In group_vars/all.yml:

repo_remote: https://github.com/<your-user>/<your-fork>.git
repo_branch: main
cluster_domain: <your-domain>
domain_email: <your-email>  # for letsencrypt
admin_emails:
  - <your-email>
control_plane: <your-control-plane-node>  # must match a host in hosts.yml

In kubernetes-services/values.yaml, mirror the admin emails:

admin_emails:
  - <your-email>

4. Map storage to your nodes#

Two parallel data structures describe where stateful workloads live. They must agree.

  • local_storage in kubernetes-services/values.yaml — drives the Kubernetes PV definitions (node affinity, host path, claimRef).

  • k8s_data_dirs in group_vars/all.yml — Ansible loop that creates the matching host directories on each node.

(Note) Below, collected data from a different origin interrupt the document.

(* Let $(X,d)$ be a separable metric space admitting a weak convergence, and let $p\ge 1$. For any $\mu\in\mathcal{P}_{p-1}(X)$, the set $M_p(\mu)$ is non-empty and $d$-compact.
   Context: A convergence $c$ on a set $X$ is a rule assigning at most one point of $X$ as the "limit" of each sequence in $X$, such that whenever a sequence has limit $x$, every subsequence also has limit $x$. A convergence $w$ on $X$ is a weak convergence for $(X,d)$ if: (W1) whenever $\sup_n d(x_n,y)<\infty$ for some $y$, some subsequence converges in $w$ to some point of $X$; (W2) whenever $x_n\to x$ in $w$, $d(x,y)\le\liminf_n d(x_n,y)$ for all $y\in X$; (W3) whenever $x_n\to x$ in $w$ and $d(x_n,y)\to d(x,y)$ for some $y\in X$, then $d(x_n,x)\to0$. $(X,d)$ admits a weak convergence if such a $w$ exists. $\mathcal{P}_{p-1}(X)$ is the set of Borel probability measures $\mu$ on $(X,d)$ with $\int_X d^{p-1}(x,y)\,d\mu(y)<\infty$ for some (equivalently all) $x\in X$. For such $\mu$, $W_p(\mu,x,x'):=\int_X (d^p(x,y)-d^p(x',y))\,d\mu(y)$ and $M_p(\mu):=\{x\in X: W_p(\mu,x,x')\le 0 \text{ for all } x'\in X\}$. *)

theory Defs
  imports "HOL-Probability.Probability"
begin

text \<open>The metric space (X,d) is the type 'a of class metric_space with d = dist.\<close>

text \<open>Real power with the convention t^0 = 1 (also for t = 0), for t >= 0.\<close>
definition rpow :: "real \<Rightarrow> real \<Rightarrow> real" where
  "rpow t q = (if q = 0 then 1 else t powr q)"

definition separable_metric :: "'a::metric_space itself \<Rightarrow> bool" where
  "separable_metric _ \<longleftrightarrow> (\<exists>D::'a set. countable D \<and> closure D = UNIV)"

definition is_convergence :: "((nat \<Rightarrow> 'a) \<Rightarrow> 'a \<Rightarrow> bool) \<Rightarrow> bool" where
  "is_convergence c \<longleftrightarrow>
     (\<forall>s x y. c s x \<and> c s y \<longrightarrow> x = y) \<and>
     (\<forall>s x (r::nat \<Rightarrow> nat). c s x \<and> strict_mono r \<longrightarrow> c (s \<circ> r) x)"

definition is_weak_convergence :: "((nat \<Rightarrow> 'a::metric_space) \<Rightarrow> 'a \<Rightarrow> bool) \<Rightarrow> bool" where
  "is_weak_convergence w \<longleftrightarrow> is_convergence w \<and>
     (\<forall>s y. bdd_above (range (\<lambda>n. dist (s n) y)) \<longrightarrow>
            (\<exists>(r::nat \<Rightarrow> nat) x. strict_mono r \<and> w (s \<circ> r) x)) \<and>
     (\<forall>s x. w s x \<longrightarrow> (\<forall>y. ereal (dist x y) \<le> liminf (\<lambda>n. ereal (dist (s n) y)))) \<and>
     (\<forall>s x y. w s x \<and> (\<lambda>n. dist (s n) y) \<longlonglongrightarrow> dist x y \<longrightarrow>
            (\<lambda>n. dist (s n) x) \<longlonglongrightarrow> 0)"

definition admits_weak_convergence :: "'a::metric_space itself \<Rightarrow> bool" where
  "admits_weak_convergence _ \<longleftrightarrow> (\<exists>w::(nat \<Rightarrow> 'a) \<Rightarrow> 'a \<Rightarrow> bool. is_weak_convergence w)"

definition P_moment :: "real \<Rightarrow> 'a::metric_space measure set" where
  "P_moment q = {\<mu>. prob_space \<mu> \<and> sets \<mu> = sets borel \<and>
      (\<exists>x. (\<integral>\<^sup>+ y. ennreal (rpow (dist x y) q) \<partial>\<mu>) < \<infinity>)}"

For each entry, the node and path fields must match between the two files. If they drift, the PV’s nodeAffinity will point at a directory that doesn’t exist and the PVC will hang Pending.

For a fork retargeting Grafana from node03 to nodeX:

# kubernetes-services/values.yaml
local_storage:
  grafana:
    node: nodeX
    path: /var/lib/k8s-data/grafana
    # ... rest unchanged

# group_vars/all.yml
k8s_data_dirs:
  - name: grafana
    node: nodeX
    path: /var/lib/k8s-data/grafana
    # ... rest unchanged

The claim_namespace and claim_name fields in local_storage are determined by upstream chart naming conventions — don’t change them unless you also rename Helm releases.

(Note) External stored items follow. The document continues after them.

(* Each of the following three rules produces integers $\mathsf t_i,\mathsf p_i\in\{0,\dots,255\}$ such that the case of $(\mathsf t_i,\mathsf p_i)$ with respect to base $256$ equals the case of $(A_i,B_i)$ with respect to the limb base $b$. (1) Native radix: $b=2^{64}$, $0\le A_i,B_i<2^{64}$, $D_i=(A_i+B_i)\bmod 2^{64}$, $G_i=\mathrm{popcnt}(D_i)$, $m_i=1$ if $D_i<A_i$ and $m_i=0$ otherwise, $\mathsf t_i=G_i+65m_i$, $\mathsf p_i=191$. (2) Reduced radix $2^k$ (first rule): $1\le k\le 63$, $b=2^k$, $0\le A_i,B_i<2^k$, $D_i=A_i+B_i$, $G_i=\mathrm{popcnt}(D_i)$, $m_i=1$ if $D_i\ge 2^k$ and $m_i=0$ otherwise, $\mathsf t_i=G_i+65m_i$, $\mathsf p_i=255-k$. (3) Reduced radix $2^k$ (second rule): $1\le k\le 63$, $b=2^k$, $0\le A_i,B_i<2^k$, $D_i=A_i+B_i$, $G_i=\min(D_i+2^{64}-2^k-1,\,2^{64}-1)$, $\mathsf t_i=\max(G_i-(2^{64}-3),\,0)$, $\mathsf p_i=254$.
   Context: $\mathrm{popcnt}(x)$ is the number of ones in the binary representation of the nonnegative integer $x$. For a base $b\ge2$ and integers $0\le x,y<b$, the case of $(x,y)$ with respect to base $b$ is $\mathbf N$ if $x+y\le b-2$, $\mathbf P$ if $x+y=b-1$, and $\mathbf G$ if $x+y\ge b$. *)

theory Defs
  imports Main
begin

fun popcnt :: "nat \<Rightarrow> nat" where
  "popcnt n = (if n = 0 then 0 else n mod 2 + popcnt (n div 2))"

datatype addcase = CaseN | CaseP | CaseG

text \<open>Case of (x,y) with respect to base b (intended for b >= 2, 0 <= x,y < b).\<close>
definition case_of :: "int \<Rightarrow> int \<Rightarrow> int \<Rightarrow> addcase" where
  "case_of b x y = (if x + y \<le> b - 2 then CaseN
                    else if x + y = b - 1 then CaseP else CaseG)"

end

theory Submission
  imports Defs
begin

text \<open>In the carry-flag rules a carry pushes \<open>t\<close> to at least 65, past the threshold
  \<open>255 - w\<close> for every limb width \<open>w \<le> 64\<close>.  Without a carry the limb sum is below \<open>2^w\<close>,
  so its popcount is at most \<open>w\<close>, with equality exactly for the all-ones limb \<open>2^w - 1\<close>:
  the propagate case.  The saturating rule computes \<open>A + B - b + 2\<close> clamped to
  \<open>{0, 1, 2}\<close>, whatever the word size.\<close>

lemma popcnt_0 [simp]: "popcnt 0 = 0"
  by simp

lemma popcnt_rec: "popcnt n = n mod 2 + popcnt (n div 2)"
  by (cases "n = 0") simp_all

declare popcnt.simps [simp del]

lemma popcnt_le_of_less_power: "n < 2 ^ k \<Longrightarrow> popcnt n \<le> k"
proof (induction k arbitrary: n)
  case (Suc k)
  then have "popcnt (n div 2) \<le> k" by simp
  then show ?case by (subst popcnt_rec) simp
qed simp

lemma popcnt_eq_iff_all_ones: "n < 2 ^ k \<Longrightarrow> popcnt n = k \<longleftrightarrow> n = 2 ^ k - 1"
proof (induction k arbitrary: n)
  case (Suc k)
  have half: "n div 2 < 2 ^ k" using Suc.prems by simp
  have "popcnt n = Suc k \<longleftrightarrow> n mod 2 = 1 \<and> popcnt (n div 2) = k"
    using popcnt_le_of_less_power [OF half] by (subst popcnt_rec) (auto simp: mod2_eq_if)
  also have "\<dots> \<longleftrightarrow> n mod 2 = 1 \<and> n div 2 = 2 ^ k - 1"
    using Suc.IH [OF half] by simp
  also have "\<dots> \<longleftrightarrow> n = 2 * (2 ^ k - 1) + 1"
    by presburger
  also have "2 * (2 ^ k - 1) + 1 = (2::nat) ^ Suc k - 1"
    using one_le_power [of "2::nat" k] by (simp only: power_Suc) arith
  finally show ?case .
qed simp

lemma add_mod_less_iff_overflow:
  fixes A B M :: nat
  assumes "B < M"
  shows "(A + B) mod M < A \<longleftrightarrow> M \<le> A + B"
proof (cases "M \<le> A + B")
  case True
  then have "(A + B) mod M \<le> A + B - M" by (simp add: le_mod_geq)
  with True assms show ?thesis by linarith
qed simp

lemma case_of_carry_popcnt:
  fixes A B g m w :: nat
  assumes "w \<le> 64" and "g \<le> 64"
    and "m = (if 2 ^ w \<le> A + B then 1 else 0)"
    and "A + B < 2 ^ w \<Longrightarrow> g = popcnt (A + B)"
  shows "case_of 256 (int (g + 65 * m)) (255 - int w) = case_of (2 ^ w) (int A) (int B)"
proof (cases "2 ^ w \<le> A + B")
  case True
  then have "(2::int) ^ w \<le> int A + int B"
    by (simp flip: of_nat_add add: of_nat_le_numeral_power_cancel_iff)
  with True assms(1,3) show ?thesis by (simp add: case_of_def)
next
  case False
  then have "g \<le> w" and "g = w \<longleftrightarrow> A + B = 2 ^ w - 1"
    using assms(4) popcnt_le_of_less_power popcnt_eq_iff_all_ones by auto
  moreover have "int A + int B < 2 ^ w"
    using False by (simp flip: of_nat_add add: of_nat_less_numeral_power_cancel_iff)
  moreover have "A + B = 2 ^ w - 1 \<longleftrightarrow> int A + int B = 2 ^ w - 1"
  proof -
    have "int (2 ^ w - 1) = 2 ^ w - 1" by (simp add: of_nat_diff)
    then show ?thesis by (metis of_nat_add of_nat_eq_iff)
  qed
  ultimately show ?thesis using False assms(3) by (auto simp: case_of_def)
qed

lemma case_of_saturating:
  fixes x y b M :: int
  shows "let t = max (min (x + y + M - b - 1) (M - 1) - (M - 3)) 0
         in 0 \<le> t \<and> t \<le> 2 \<and> case_of 256 t 254 = case_of b x y"
  by (simp add: Let_def case_of_def min_def max_def)

lemma native_radix_rule:
  fixes A B :: nat
  assumes "A < 2^64" and "B < 2^64"
  shows "let D = (A + B) mod 2^64; G = popcnt D; m = (if D < A then 1 else 0 :: nat);
           t = int (G + 65 * m); p = (191 :: int)
         in 0 \<le> t \<and> t \<le> 255 \<and> 0 \<le> p \<and> p \<le> 255 \<and>
            case_of 256 t p = case_of (2^64) (int A) (int B)"
proof -
  define D where "D = (A + B) mod 2^64"
  have bound: "popcnt D \<le> 64"
    using popcnt_le_of_less_power by (simp add: D_def)
  have "case_of 256 (int (popcnt D + 65 * (if D < A then 1 else 0))) (255 - int 64)
      = case_of (2^64) (int A) (int B)"
  proof (rule case_of_carry_popcnt)
    show "(if D < A then 1 else 0) = (if 2^64 \<le> A + B then 1 else 0 :: nat)"
      using add_mod_less_iff_overflow \<open>B < 2^64\<close> by (simp add: D_def)
  qed (use bound in \<open>simp_all add: D_def\<close>)
  with bound show ?thesis
    unfolding Let_def D_def [symmetric] by simp
qed

lemma reduced_radix_popcnt_rule:
  fixes k A B :: nat
  assumes "k \<le> 63" and "A < 2^k" and "B < 2^k"
  shows "let D = A + B; G = popcnt D; m = (if D \<ge> 2^k then 1 else 0 :: nat);
           t = int (G + 65 * m); p = 255 - int k
         in 0 \<le> t \<and> t \<le> 255 \<and> 0 \<le> p \<and> p \<le> 255 \<and>
            case_of 256 t p = case_of (2^k) (int A) (int B)"
proof -
  have bound: "popcnt (A + B) \<le> 64"
    using assms popcnt_le_of_less_power [of "A + B" "Suc k"] by simp
  have "case_of 256 (int (popcnt (A + B) + 65 * (if A + B \<ge> 2^k then 1 else 0))) (255 - int k)
      = case_of (2^k) (int A) (int B)"
    using assms bound by (intro case_of_carry_popcnt) simp_all
  with bound \<open>k \<le> 63\<close> show ?thesis
    by (simp add: Let_def)
qed

lemma reduced_radix_saturating_rule:
  fixes k A B :: nat
  shows "let D = int A + int B; G = min (D + 2^64 - 2^k - 1) (2^64 - 1);
           t = max (G - (2^64 - 3)) 0; p = (254 :: int)
         in 0 \<le> t \<and> t \<le> 255 \<and> 0 \<le> p \<and> p \<le> 255 \<and>
            case_of 256 t p = case_of (2^k) (int A) (int B)"
  using case_of_saturating [of "int A" "int B" "2^64" "2^k"]
  unfolding Let_def by (elim conjE, intro conjI) (assumption | linarith)+

theorem lemma1:
  shows
  "(\<forall>A B :: nat. A < 2^64 \<and> B < 2^64 \<longrightarrow>
      (let D = (A + B) mod 2^64; G = popcnt D; m = (if D < A then 1 else 0 :: nat);
           t = int (G + 65 * m); p = (191 :: int)
       in 0 \<le> t \<and> t \<le> 255 \<and> 0 \<le> p \<and> p \<le> 255 \<and>
          case_of 256 t p = case_of (2^64) (int A) (int B)))
   \<and> (\<forall>k A B :: nat. 1 \<le> k \<and> k \<le> 63 \<and> A < 2^k \<and> B < 2^k \<longrightarrow>
      (let D = A + B; G = popcnt D; m = (if D \<ge> 2^k then 1 else 0 :: nat);
           t = int (G + 65 * m); p = 255 - int k
       in 0 \<le> t \<and> t \<le> 255 \<and> 0 \<le> p \<and> p \<le> 255 \<and>
          case_of 256 t p = case_of (2^k) (int A) (int B)))
   \<and> (\<forall>k A B :: nat. 1 \<le> k \<and> k \<le> 63 \<and> A < 2^k \<and> B < 2^k \<longrightarrow>
      (let D = int A + int B; G = min (D + 2^64 - 2^k - 1) (2^64 - 1);
           t = max (G - (2^64 - 3)) 0; p = (254 :: int)
       in 0 \<le> t \<and> t \<le> 255 \<and> 0 \<le> p \<and> p \<le> 255 \<and>
          case_of 256 t p = case_of (2^k) (int A) (int B)))"
  by (blast intro: native_radix_rule reduced_radix_popcnt_rule reduced_radix_saturating_rule)

end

5. NFS share for backups and large models#

Backup CronJobs and the rkllama/llamacpp model stores write to an NFS share on your NAS. In kubernetes-services/values.yaml:

nfs:
  server: <nas-ip>
  cluster_share_path: /<your-share>/k8s-cluster
rkllama:
  nfs:
    server: <nas-ip>
    path: /<your-share>/k8s-cluster/models
  node: nodeX  # which RK1 hosts the rkllama daemonset

Then run the one-time NAS setup runbook in Set Up the Cluster NFS Tree on the NAS.

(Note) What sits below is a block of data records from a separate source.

(* Let $n\ge 1$, $0<m\le L$, $\kappa=L/m$, and let $(\alpha,\beta,\gamma)$ be constant parameters such that the two-step momentum algorithm converges linearly with rate $\rho=1-1/T_s\in(0,1)$ for all $f\in\mathcal{Q}_m^L$. Then for every $f\in\mathcal{Q}_m^L$ the noise amplification satisfies $$J\;\le\;\frac{\sigma_w^2(1+\rho^2)}{(1+\rho)^3}\,n\,T_s^3 .$$ Furthermore, for the gradient noise model ($\sigma_w=\alpha\sigma$), $$J\;\le\;\frac{\sigma^2(1+\rho)(1+\rho^2)}{L^2}\,n\,T_s^3 .$$
   Context: $\mathcal{Q}_m^L$ is the class of quadratic functions $f(x)=\tfrac12x^TQx-q^Tx$ on $\mathbb{R}^n$ with $q\in\mathbb{R}^n$, $Q=Q^T\succ0$ whose largest eigenvalue is $L$ and smallest is $m$; $x^\star$ is the minimizer. The noisy two-step momentum algorithm with constant parameters $(\alpha,\beta,\gamma)$ is $x^{t+2}=x^{t+1}+\beta(x^{t+1}-x^t)-\alpha\nabla f\big(x^{t+1}+\gamma(x^{t+1}-x^t)\big)+\sigma_w w^t$, where $w^t$ is white noise with $\mathbb{E}[w^t]=0$, $\mathbb{E}[w^t(w^\tau)^T]=I\,\delta(t-\tau)$ ($\delta$ the Kronecker delta). In the iterate noise model $\sigma_w=\sigma$, in the gradient noise model $\sigma_w=\alpha\sigma$, with $\sigma>0$. With $\psi^t=[(x^t-x^\star)^T,(x^{t+1}-x^\star)^T]^T$ one has $\psi^{t+1}=A\psi^t+Bw^t$, $A=\begin{bmatrix}0&I\\-\beta I+\gamma\alpha Q&(1+\beta)I-(1+\gamma)\alpha Q\end{bmatrix}$, $B^T=[0\;\;\sigma_wI]$. The algorithm converges linearly with rate $\rho$ for all $f\in\mathcal{Q}_m^L$ if the spectral radius of $A$ is at most $\rho$ for every $f\in\mathcal{Q}_m^L$ (the spectral radius of $A$ is the best achievable linear rate in the noiseless case). The settling time is $T_s=1/(1-\rho)$. The noise amplification is $J=\lim_{t\to\infty}\frac1t\sum_{k=0}^t\mathbb{E}\|x^k-x^\star\|_2^2$. *)

theory Defs
  imports "HOL-Probability.Probability"
begin

definition real_eigenvalue :: "real^'n^'n \<Rightarrow> real \<Rightarrow> bool" where
  "real_eigenvalue Q l \<longleftrightarrow> (\<exists>v. v \<noteq> 0 \<and> Q *v v = l *s v)"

6. Pin rkllama and open-brain-mcp#

If you use these services, set:

rkllama:
  node: <RK1-with-32GB-RAM>
open_brain_mcp:
  image_repository: ghcr.io/<your-user>/open-brain-mcp
  github_allowed_users: "<your-github-login>"

7. Re-seal secrets#

SealedSecrets are bound to the cluster’s controller key, so the existing committed secrets won’t decrypt on your cluster. After your first cluster bootstrap, follow Manage Sealed Secrets to re-seal every secret with your cluster’s key.

8. (Optional) Disable services you don’t want#

Top-level toggles in kubernetes-services/values.yaml:

enable_oauth2_proxy: false   # disables OAuth gating on Longhorn/Studio/Headlamp
enable_cloudflare_tunnel: false  # if you don't expose services to the internet
enable_supabase: false       # disables the supabase stack and open-brain-mcp
enable_open_brain_mcp: false # standalone disable for open-brain-mcp

Whole-service Application templates can also be removed by deleting the corresponding file in kubernetes-services/templates/.

9. (Optional) Customise the home page LAN links#

The home page (kubernetes-services/additions/home/templates/manifests.yaml) hard-codes a couple of LAN-only service links (router, media server). These are intentionally not templated — every fork’s local network is different. Edit the HTML directly to match your LAN.

What’s NOT templated (by design)#

  • hosts.yml — hardware topology varies too much between forks to template. Group names (<bmc>_nodes) are load-bearing for the flash role, and per-node flags (root_dev, nvidia_gpu_node, workstation) are specific to the physical machines. Edit it directly.

  • Sealed secrets — bound to the cluster controller key, must be re-sealed per cluster.

  • Home page LAN service links — too varied per fork to design a generic schema; just edit the HTML.

Verifying your fork#

Before the first deploy, sanity-check templating:

just check
helm template kubernetes-services

Both should pass cleanly. Then run the playbook per your tutorial (Getting Started with Turing Pi or Getting Started without Turing Pi) and verify nodes/apps as described in its final step. Once the cluster is up, proceed with Bootstrap the Cluster.